**What the task asks**
Below are some entries. Count how many of their lines include "moreover", then give that number only.

---- Source material

theorem mainTheorem2:
  fixes \<omega> z :: "'n::finite \<Rightarrow> real"
  assumes "inj \<omega>"
    and "\<forall>i. \<omega> i > 0"
    and "\<forall>i. z i = 2 / \<omega> i"
  shows "\<forall>\<Theta>0 \<Theta>1 :: 'n \<Rightarrow> real. \<exists>T \<ge> 0. \<exists>u \<theta>.
           admissible_control T u \<and> sniper_trajectory \<omega> z u T \<theta> \<and>
           torus_eq (\<theta> 0) \<Theta>0 \<and> torus_eq (\<theta> T) \<Theta>1"
proof (intro allI)
  fix \<Theta>0 \<Theta>1 :: "'n \<Rightarrow> real"
  obtain p where reach: "\<And>x d. \<forall>i. \<bar>d$i - p$i\<bar> \<le> 2 * pi \<Longrightarrow>
      \<exists>segs. (\<forall>q\<in>set segs. snd q \<ge> 0 \<and> admissible_value \<omega> (fst q)) \<and>
             (\<forall>i. flowall \<omega> segs x i = x i + d$i)"
    using exact_displacement[OF assms(1,2)] by blast
  txt \<open>Aim at a lift of \<open>\<Theta>1\<close> whose displacement from \<open>\<Theta>0\<close> lies in the reachable box.\<close>
  obtain m :: "'n \<Rightarrow> int" where m: "\<forall>i. \<bar>\<Theta>1 i - \<Theta>0 i + 2 * pi * m i - p$i\<bar> \<le> 2 * pi"
    using shift_into_box[of "\<lambda>i. \<Theta>1 i - \<Theta>0 i" "\<lambda>i. p$i"] by auto
  then obtain segs where segs: "\<forall>q\<in>set segs. snd q \<ge> 0 \<and> admissible_value \<omega> (fst q)"
    and final: "\<forall>i. flowall \<omega> segs \<Theta>0 i = \<Theta>1 i + 2 * pi * m i"
    using reach[of "\<chi> i. \<Theta>1 i - \<Theta>0 i + 2 * pi * m i" \<Theta>0] by auto
  obtain u \<theta> where "admissible_control (sum_list (map snd segs)) u"
    "sniper_trajectory \<omega> z u (sum_list (map snd segs)) \<theta>"
    "\<theta> 0 = \<Theta>0" "\<theta> (sum_list (map snd segs)) = flowall \<omega> segs \<Theta>0"
    using piecewise_constant_traj[OF assms(2,3) segs] by blast
  moreover have "sum_list (map snd segs) \<ge> 0" using segs by (auto intro!: sum_list_nonneg)
  moreover have "torus_eq (flowall \<omega> segs \<Theta>0) \<Theta>1" "torus_eq \<Theta>0 \<Theta>0"
    unfolding torus_eq_def using final by (metis add_diff_cancel_left' diff_self mult_zero_right of_int_0)+
  ultimately show "\<exists>T \<ge> 0. \<exists>u \<theta>. admissible_control T u \<and> sniper_trajectory \<omega> z u T \<theta> \<and>
      torus_eq (\<theta> 0) \<Theta>0 \<and> torus_eq (\<theta> T) \<Theta>1"
    by metis
qed

end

--------

**Answer space**
2